**Recorded data:**
lemma Pposs_tail_le:
  assumes o: "ordered_possdist K \<pi>" and p: "p \<in> Pposs K \<pi>" and j: "0 < j" "j < K"
  shows "(\<Sum>i\<in>{j..<K}. p i) \<le> \<pi> j"
proof -
  have dominates: "\<forall>A. A \<noteq> {} \<and> A \<subset> {..<K} \<longrightarrow> 1 - Max (\<pi> ` ({..<K} - A)) \<le> (\<Sum>i\<in>A. p i)"
    using p unfolding Pposs_def by simp
  have "1 - Max (\<pi> ` ({..<K} - {..<j})) \<le> (\<Sum>i<j. p i)"
    by (rule dominates[rule_format]) (use j in auto)
  moreover have "{..<K} - {..<j} = {j..<K}" by auto
  moreover have "Max (\<pi> ` {j..<K}) = \<pi> j"
    using o j unfolding ordered_possdist_def by (intro Max_eqI) auto
  moreover have "(\<Sum>i<j. p i) + (\<Sum>i\<in>{j..<K}. p i) = 1"
    using p j sum.atLeastLessThan_concat[of 0 j K p] unfolding Pposs_def by (simp add: atLeast0LessThan)
  ultimately show ?thesis by simp
qed

lemma Pposs_expectation_le:
  assumes o: "ordered_possdist K \<pi>" and p: "p \<in> Pposs K \<pi>"
    and cs: "\<forall>i<K. c i \<le> s i" and mono: "\<forall>i. Suc i < K \<longrightarrow> s i \<le> s (Suc i)"
  shows "(\<Sum>i<K. p i * c i) \<le> (\<Sum>k<K. poss_weight K \<pi> k * s k)"
proof -
  let ?w = "poss_weight K \<pi>"
  have p_nonneg: "\<forall>i<K. 0 \<le> p i" and p_sum: "(\<Sum>i<K. p i) = 1"
    using p unfolding Pposs_def by auto
  have tails: "(\<Sum>i\<in>{Suc j..<K}. p i) * (s (Suc j) - s j)
      \<le> (\<Sum>i\<in>{Suc j..<K}. ?w i) * (s (Suc j) - s j)" if "j < K" for j
  proof (cases "Suc j < K")
    case True
    then show ?thesis
      using Pposs_tail_le[OF o p, of "Suc j"] mono sum_poss_weight_atLeastLessThan[of "Suc j" K \<pi>]
      by (intro mult_right_mono) (auto simp: poss_ext_def)
  next
    case False
    with that show ?thesis by simp
  qed
  have "(\<Sum>i<K. p i * c i) \<le> (\<Sum>i<K. p i * s i)"
    using p_nonneg cs by (intro sum_mono mult_left_mono) auto
  also have "\<dots> = s 0 + (\<Sum>j<K. (\<Sum>i\<in>{Suc j..<K}. p i) * (s (Suc j) - s j))"
    by (subst sum_mult_eq_tail_sums) (simp add: p_sum)
  also have "\<dots> \<le> s 0 + (\<Sum>j<K. (\<Sum>i\<in>{Suc j..<K}. ?w i) * (s (Suc j) - s j))"
    using tails by (intro add_left_mono sum_mono) auto
  also have "\<dots> = (\<Sum>k<K. ?w k * s k)"
    by (subst (2) sum_mult_eq_tail_sums) (simp add: sum_poss_weight[OF o])
  finally show ?thesis .
qed

definition push_weights :: "nat \<Rightarrow> (nat \<Rightarrow> nat) \<Rightarrow> (nat \<Rightarrow> real) \<Rightarrow> nat \<Rightarrow> real" where
  "push_weights K \<sigma> w i = (\<Sum>k<K. if \<sigma> k = i then w k else 0)"

lemma sum_push_weights_mult:
  assumes "finite A"
  shows "(\<Sum>i\<in>A. push_weights K \<sigma> w i * c i) = (\<Sum>k<K. if \<sigma> k \<in> A then w k * c (\<sigma> k) else 0)"
proof -
  have "(\<Sum>i\<in>A. push_weights K \<sigma> w i * c i) = (\<Sum>k<K. \<Sum>i\<in>A. if \<sigma> k = i then w k * c i else 0)"
    unfolding push_weights_def sum_distrib_right by (subst sum.swap) (auto intro!: sum.cong)
  also have "\<dots> = (\<Sum>k<K. if \<sigma> k \<in> A then w k * c (\<sigma> k) else 0)"
    using assms by (simp add: sum.delta)
  finally show ?thesis .
qed

lemma sum_push_weights:
  "finite A \<Longrightarrow> (\<Sum>i\<in>A. push_weights K \<sigma> w i) = (\<Sum>k<K. if \<sigma> k \<in> A then w k else 0)"
  using sum_push_weights_mult[of A K \<sigma> w "\<lambda>_. 1"] by (simp only: mult_1_right)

**Task instructions:**
The job here is to write out all the entries again exactly.

**Answer box:**
lemma Pposs_tail_le:
  assumes o: "ordered_possdist K \<pi>" and p: "p \<in> Pposs K \<pi>" and j: "0 < j" "j < K"
  shows "(\<Sum>i\<in>{j..<K}. p i) \<le> \<pi> j"
proof -
  have dominates: "\<forall>A. A \<noteq> {} \<and> A \<subset> {..<K} \<longrightarrow> 1 - Max (\<pi> ` ({..<K} - A)) \<le> (\<Sum>i\<in>A. p i)"
    using p unfolding Pposs_def by simp
  have "1 - Max (\<pi> ` ({..<K} - {..<j})) \<le> (\<Sum>i<j. p i)"
    by (rule dominates[rule_format]) (use j in auto)
  moreover have "{..<K} - {..<j} = {j..<K}" by auto
  moreover have "Max (\<pi> ` {j..<K}) = \<pi> j"
    using o j unfolding ordered_possdist_def by (intro Max_eqI) auto
  moreover have "(\<Sum>i<j. p i) + (\<Sum>i\<in>{j..<K}. p i) = 1"
    using p j sum.atLeastLessThan_concat[of 0 j K p] unfolding Pposs_def by (simp add: atLeast0LessThan)
  ultimately show ?thesis by simp
qed

lemma Pposs_expectation_le:
  assumes o: "ordered_possdist K \<pi>" and p: "p \<in> Pposs K \<pi>"
    and cs: "\<forall>i<K. c i \<le> s i" and mono: "\<forall>i. Suc i < K \<longrightarrow> s i \<le> s (Suc i)"
  shows "(\<Sum>i<K. p i * c i) \<le> (\<Sum>k<K. poss_weight K \<pi> k * s k)"
proof -
  let ?w = "poss_weight K \<pi>"
  have p_nonneg: "\<forall>i<K. 0 \<le> p i" and p_sum: "(\<Sum>i<K. p i) = 1"
    using p unfolding Pposs_def by auto
  have tails: "(\<Sum>i\<in>{Suc j..<K}. p i) * (s (Suc j) - s j)
      \<le> (\<Sum>i\<in>{Suc j..<K}. ?w i) * (s (Suc j) - s j)" if "j < K" for j
  proof (cases "Suc j < K")
    case True
    then show ?thesis
      using Pposs_tail_le[OF o p, of "Suc j"] mono sum_poss_weight_atLeastLessThan[of "Suc j" K \<pi>]
      by (intro mult_right_mono) (auto simp: poss_ext_def)
  next
    case False
    with that show ?thesis by simp
  qed
  have "(\<Sum>i<K. p i * c i) \<le> (\<Sum>i<K. p i * s i)"
    using p_nonneg cs by (intro sum_mono mult_left_mono) auto
  also have "\<dots> = s 0 + (\<Sum>j<K. (\<Sum>i\<in>{Suc j..<K}. p i) * (s (Suc j) - s j))"
    by (subst sum_mult_eq_tail_sums) (simp add: p_sum)
  also have "\<dots> \<le> s 0 + (\<Sum>j<K. (\<Sum>i\<in>{Suc j..<K}. ?w i) * (s (Suc j) - s j))"
    using tails by (intro add_left_mono sum_mono) auto
  also have "\<dots> = (\<Sum>k<K. ?w k * s k)"
    by (subst (2) sum_mult_eq_tail_sums) (simp add: sum_poss_weight[OF o])
  finally show ?thesis .
qed

definition push_weights :: "nat \<Rightarrow> (nat \<Rightarrow> nat) \<Rightarrow> (nat \<Rightarrow> real) \<Rightarrow> nat \<Rightarrow> real" where
  "push_weights K \<sigma> w i = (\<Sum>k<K. if \<sigma> k = i then w k else 0)"

lemma sum_push_weights_mult:
  assumes "finite A"
  shows "(\<Sum>i\<in>A. push_weights K \<sigma> w i * c i) = (\<Sum>k<K. if \<sigma> k \<in> A then w k * c (\<sigma> k) else 0)"
proof -
  have "(\<Sum>i\<in>A. push_weights K \<sigma> w i * c i) = (\<Sum>k<K. \<Sum>i\<in>A. if \<sigma> k = i then w k * c i else 0)"
    unfolding push_weights_def sum_distrib_right by (subst sum.swap) (auto intro!: sum.cong)
  also have "\<dots> = (\<Sum>k<K. if \<sigma> k \<in> A then w k * c (\<sigma> k) else 0)"
    using assms by (simp add: sum.delta)
  finally show ?thesis .
qed

lemma sum_push_weights:
  "finite A \<Longrightarrow> (\<Sum>i\<in>A. push_weights K \<sigma> w i) = (\<Sum>k<K. if \<sigma> k \<in> A then w k else 0)"
  using sum_push_weights_mult[of A K \<sigma> w "\<lambda>_. 1"] by (simp only: mult_1_right)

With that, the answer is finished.